ICTP's free science journal delivery service celebrates 10th anniversary
Cutting-edge Science for All

Physicists and mathematicians from the developing world face daunting challenges in their pursuit of knowledge, from a shortage of specialists in their fields to inadequate research facilities.

Lack of subscriptions to international science journals is still another common problem, due to cost and technical issues.
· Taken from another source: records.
(* Let $\Delta\subset\mathbb{R}^2$ be a lattice polygon with $\operatorname{lw}(\Delta)=d>0$. Let $P$ be a vertex of $\Delta$ and let $v\in\mathbb{Z}^2$ be a primitive vector. If $\operatorname{lw}_v(\Delta_P)<d$ and $\operatorname{lw}_v(\Delta_P)<\operatorname{lw}_v(\Delta)-1$, then $\Delta$ is unimodularly equivalent to $\Upsilon_{d-1}:=\operatorname{conv}\{(0,0),(1,d),(d,1)\}$.
   Context: A lattice polygon is the convex hull of a finite non-empty set of points of $\mathbb{Z}^2$. For a lattice polygon $\Delta$ and a non-zero primitive $v\in\mathbb{Z}^2$, $\operatorname{lw}_v(\Delta)=\max_{Q\in\Delta}\langle Q,v\rangle-\min_{Q\in\Delta}\langle Q,v\rangle$, and $\operatorname{lw}(\Delta)=\min_v\operatorname{lw}_v(\Delta)$ over all non-zero primitive $v\in\mathbb{Z}^2$. For a vertex $P$ of $\Delta$, $\Delta_P:=\operatorname{conv}((\Delta\cap\mathbb{Z}^2)\setminus\{P\})$. Two lattice polygons are (unimodularly) equivalent if one is the image of the other under a map $x\mapsto Ax+b$ with $A\in\mathrm{GL}_2(\mathbb{Z})$, $b\in\mathbb{Z}^2$. *)

theory Defs
  imports "HOL-Analysis.Analysis"
begin

definition lattice_pt :: "real \<times> real \<Rightarrow> bool" where
  "lattice_pt x \<longleftrightarrow> fst x \<in> \<int> \<and> snd x \<in> \<int>"

definition lattice_polygon :: "(real \<times> real) set \<Rightarrow> bool" where
  "lattice_polygon D \<longleftrightarrow>
     (\<exists>S. finite S \<and> S \<noteq> {} \<and> (\<forall>x\<in>S. lattice_pt x) \<and> D = convex hull S)"

definition primitive :: "int \<times> int \<Rightarrow> bool" where
  "primitive v \<longleftrightarrow> v \<noteq> (0,0) \<and> gcd (fst v) (snd v) = 1"

definition pair_ip :: "real \<times> real \<Rightarrow> int \<times> int \<Rightarrow> real" where
  "pair_ip Q v = fst Q * of_int (fst v) + snd Q * of_int (snd v)"

definition lw_dir :: "(real \<times> real) set \<Rightarrow> int \<times> int \<Rightarrow> real" where
  "lw_dir D v = (SUP Q\<in>D. pair_ip Q v) - (INF Q\<in>D. pair_ip Q v)"

definition lw :: "(real \<times> real) set \<Rightarrow> real" where
  "lw D = (INF v\<in>{v. primitive v}. lw_dir D v)"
But thanks to an innovative ICTP programme, access to the latest scientific articles is just a mouse-click away.

For the past decade, the Centre's electronic Journals Delivery Service (eJDS) has advanced scientific knowledge by providing free, easy access to scientific articles via e-mail to scientists in developing countries who lack sufficient bandwidth to download material from the Internet in a timely manner and/or cannot afford the connection.

Thanks to ICTP's carefully arranged agreements with some of the world's leading scientific publishers, scientists who live and work in least-developed or low-income countries can receive current scientific literature from more than 800 journals. The publishers have established a set of criteria for those who can use the service, and have set limits to the number of articles per journal that can be accessed each day (three), month (12) and year (100).

eJDS_in_NumbersThe agreements have been a win-win situation for everyone, says Enrique Canessa, one of the founders of eJDS, a concept that was conceived in January 2001 by former ICTP staff scientist Hilda Cerdeira.  "Developing-world scientists have access to a much wider range of current scientific information and findings than ever before, and publishers are able to reach researchers who would otherwise have neither the technical nor the financial means to access information from their journals in a timely fashion," he explains.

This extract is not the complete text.